On direct orders from the Pope, every resource of the Catholic Church was made available to hide and disguise Jews and other prospective Nazi victims. The Vatican itself became overcrowded, as were dozens of cathedral closes and hundreds of churches, church schools and monasteries. Cloistered nuns were released from their vows to attend to necessary secret business. The Pope issued the Swiss Guard with machine guns and ordered them to use them if necessary. Everywhere, priests and trusted laymen worked overtime to produce false identity certificates and smuggle dangerous persons from farmhouse to monastery and from monastery to hotel.

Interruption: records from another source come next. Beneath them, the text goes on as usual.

(* Let $U:\mathbb R^m_{++}\to\mathbb R$ be concave and let $s^{opt}$ be a maximizer of $U$ over $B_s$. Let $w'\in W$ have weighted center $(x',y',s')$ and let $g'$ be a supergradient of $U$ at $s'$. Put $g'_w:=(Y')^{-1}g'$. Then $$(g'_w)^{\top}\bigl(S^{opt}y'-w'\bigr)\ \ge\ 0,$$ i.e. $S^{opt}y'$ lies in the half-space $\{w:(g'_w)^\top(w-w')\ge 0\}$.
   Context: Let $A\in\mathbb R^{m\times n}$ have full column rank $n\le m$ and $b\in\mathbb R^m$ be such that $\{x\in\mathbb R^n:Ax\le b\}$ is bounded with nonempty interior. For $w\in\mathbb R^m_{++}$ the weighted center of $w$ is the unique $(x,y,s)\in\mathbb R^n\times\mathbb R^m\times\mathbb R^m$ with $Ax+s=b$, $s>0$, $A^\top y=0$, $\mathrm{Diag}(s)y=w$; we call $s$ and $y$ its $s$-vector and $y$-vector. Capital letters denote diagonal matrices of the corresponding vectors ($Y=\mathrm{Diag}(y)$, $S^{opt}=\mathrm{Diag}(s^{opt})$, etc.). $W=\{w\in\mathbb R^m:w>0,\ e^\top w=1\}$ ($e$ the all-ones vector). A vector is a centric $s$-vector (resp. $y$-vector) if it is the $s$-vector (resp. $y$-vector) of the weighted center of some $w\in W$; $B_s$ is the set of centric $s$-vectors. A supergradient of a concave $U$ at $s^0$ is a vector $g$ with $U(s)\le U(s^0)+g^\top(s-s^0)$ for all $s$ in the domain. *)

theory Defs
  imports "HOL-Analysis.Analysis"
begin

definition weighted_center ::
  "real^'n^'m \<Rightarrow> real^'m \<Rightarrow> real^'m \<Rightarrow> real^'n \<Rightarrow> real^'m \<Rightarrow> real^'m \<Rightarrow> bool" where
  "weighted_center A b w x y s \<longleftrightarrow>
     A *v x + s = b \<and> (\<forall>i. s $ i > 0) \<and> transpose A *v y = 0 \<and> (\<forall>i. s $ i * y $ i = w $ i)"

definition weight_simplex :: "(real^'m) set" where
  "weight_simplex = {w. (\<forall>i. w $ i > 0) \<and> (\<Sum>i\<in>UNIV. w $ i) = 1}"

definition centric_s_vectors :: "real^'n^'m \<Rightarrow> real^'m \<Rightarrow> (real^'m) set" where
  "centric_s_vectors A b = {s. \<exists>w\<in>weight_simplex. \<exists>x y. weighted_center A b w x y s}"

definition pos_orthant :: "(real^'m) set" where
  "pos_orthant = {s. \<forall>i. s $ i > 0}"

definition supergradient :: "(real^'m \<Rightarrow> real) \<Rightarrow> (real^'m) set \<Rightarrow> real^'m \<Rightarrow> real^'m \<Rightarrow> bool" where
  "supergradient U D s0 g \<longleftrightarrow> (\<forall>s\<in>D. U s \<le> U s0 + g \<bullet> (s - s0))"

end

theory Submission
  imports Defs
begin

text \<open>Since the s-vector s' of w' is itself centric, U s' \<le> U sopt, and the supergradient
  inequality at s' then forces g' \<bullet> (sopt - s') \<ge> 0. Rescaling coordinatewise by y' > 0
  turns this into the claim, because S' y' = w'. Concavity of U, and the hypotheses on A and b,
  are only needed to guarantee that a supergradient and a maximiser exist; the argument
  itself does not use them.\<close>

lemma supergradient_nonneg_towards_better:
  assumes "supergradient U D s0 g" and "s1 \<in> D" and "U s0 \<le> U s1"
  shows "g \<bullet> (s1 - s0) \<ge> 0"
  using assms unfolding supergradient_def by force

lemma inner_divide_times_diff:
  fixes g s t w y :: "real^'m"
  assumes "\<And>i. y $ i \<noteq> 0" and "\<And>i. w $ i = s $ i * y $ i"
  shows "(\<chi> i. g $ i / y $ i) \<bullet> ((\<chi> i. t $ i * y $ i) - w) = g \<bullet> (t - s)"
  unfolding inner_vec_def
  by (rule sum.cong[OF refl]) (simp add: assms field_simps)

lemma weighted_center_y_pos:
  assumes "weighted_center A b w x y s" and "w $ i > 0"
  shows "y $ i > 0"
  using assms unfolding weighted_center_def by (metis zero_less_mult_pos)

lemma centric_s_vectors_subset_pos_orthant: "centric_s_vectors A b \<subseteq> pos_orthant"
  unfolding centric_s_vectors_def weighted_center_def pos_orthant_def by auto

lemma weighted_center_centric:
  assumes "w \<in> weight_simplex" and "weighted_center A b w x y s"
  shows "s \<in> centric_s_vectors A b"
  using assms unfolding centric_s_vectors_def by blast

theorem lemma3p2:
  fixes A :: "real^'n^'m" and b :: "real^'m" and U :: "real^'m \<Rightarrow> real"
    and sopt w' y' s' g' :: "real^'m" and x' :: "real^'n"
  assumes rankA: "rank A = CARD('n)"
    and nm: "CARD('n) \<le> CARD('m)"
    and bdd: "bounded {x. \<forall>i. (A *v x) $ i \<le> b $ i}"
    and int: "interior {x. \<forall>i. (A *v x) $ i \<le> b $ i} \<noteq> {}"
    and conc: "concave_on pos_orthant U"
    and sopt_in: "sopt \<in> centric_s_vectors A b"
    and sopt_max: "\<forall>s\<in>centric_s_vectors A b. U s \<le> U sopt"
    and w'W: "w' \<in> weight_simplex"
    and wc: "weighted_center A b w' x' y' s'"
    and sg: "supergradient U pos_orthant s' g'"
  shows "(\<chi> i. g' $ i / y' $ i) \<bullet> ((\<chi> i. sopt $ i * y' $ i) - w') \<ge> 0"
proof -
  have "U s' \<le> U sopt"
    using sopt_max weighted_center_centric[OF w'W wc] by blast
  moreover have "sopt \<in> pos_orthant"
    using sopt_in centric_s_vectors_subset_pos_orthant by blast
  ultimately have "g' \<bullet> (sopt - s') \<ge> 0"
    using supergradient_nonneg_towards_better[OF sg] by blast
  moreover have "y' $ i \<noteq> 0" for i
  proof -
    have "w' $ i > 0" using w'W unfolding weight_simplex_def by blast
    then show ?thesis using weighted_center_y_pos[OF wc] by (metis less_irrefl)
  qed
  moreover have "w' $ i = s' $ i * y' $ i" for i
    using wc unfolding weighted_center_def by simp
  ultimately show ?thesis
    by (simp add: inner_divide_times_diff)
qed

end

One of the most astounding of the many episodes in this epic has only just come to light. The Church recruited one of her most famous lay faithful, the cycling champion Gino Bartali (Tour de France winner, 1938, 1948) and sent him on an impossible mission - cycling from Florence to Assisi and back in one day, to bring to Florence the false documents secretly printed in the town of St.Francis by a local printing-shop owner. The man who discovered the story, history graduate Paolo Alberati, was himself a professional cyclist who competed six times in the Giro d'Italia (1995-2000); but when he tried to match Bartali's exploit, in spite of having a bike half the weight (seven kilos against Bartali's fourteen), better roads and no Nazi patrols to dodge, he could not do it; he broke down half-way back. Bartali did this forty times between 1943 and 1944: forty world-class performances in the most appalling circumstances, more riding than a professional would ordinarily do for prizes, risking his life. He was never caught. And that in spite of the fact that he had been in the black books of the Fascist secret police (quite literally: he was Suspicious Person no.576) for at least five years. They did not like the fact that he openly and continuously refused to dedicate his victories to Mussolini, preferring to offer them up to the Blessed Virgin Mary.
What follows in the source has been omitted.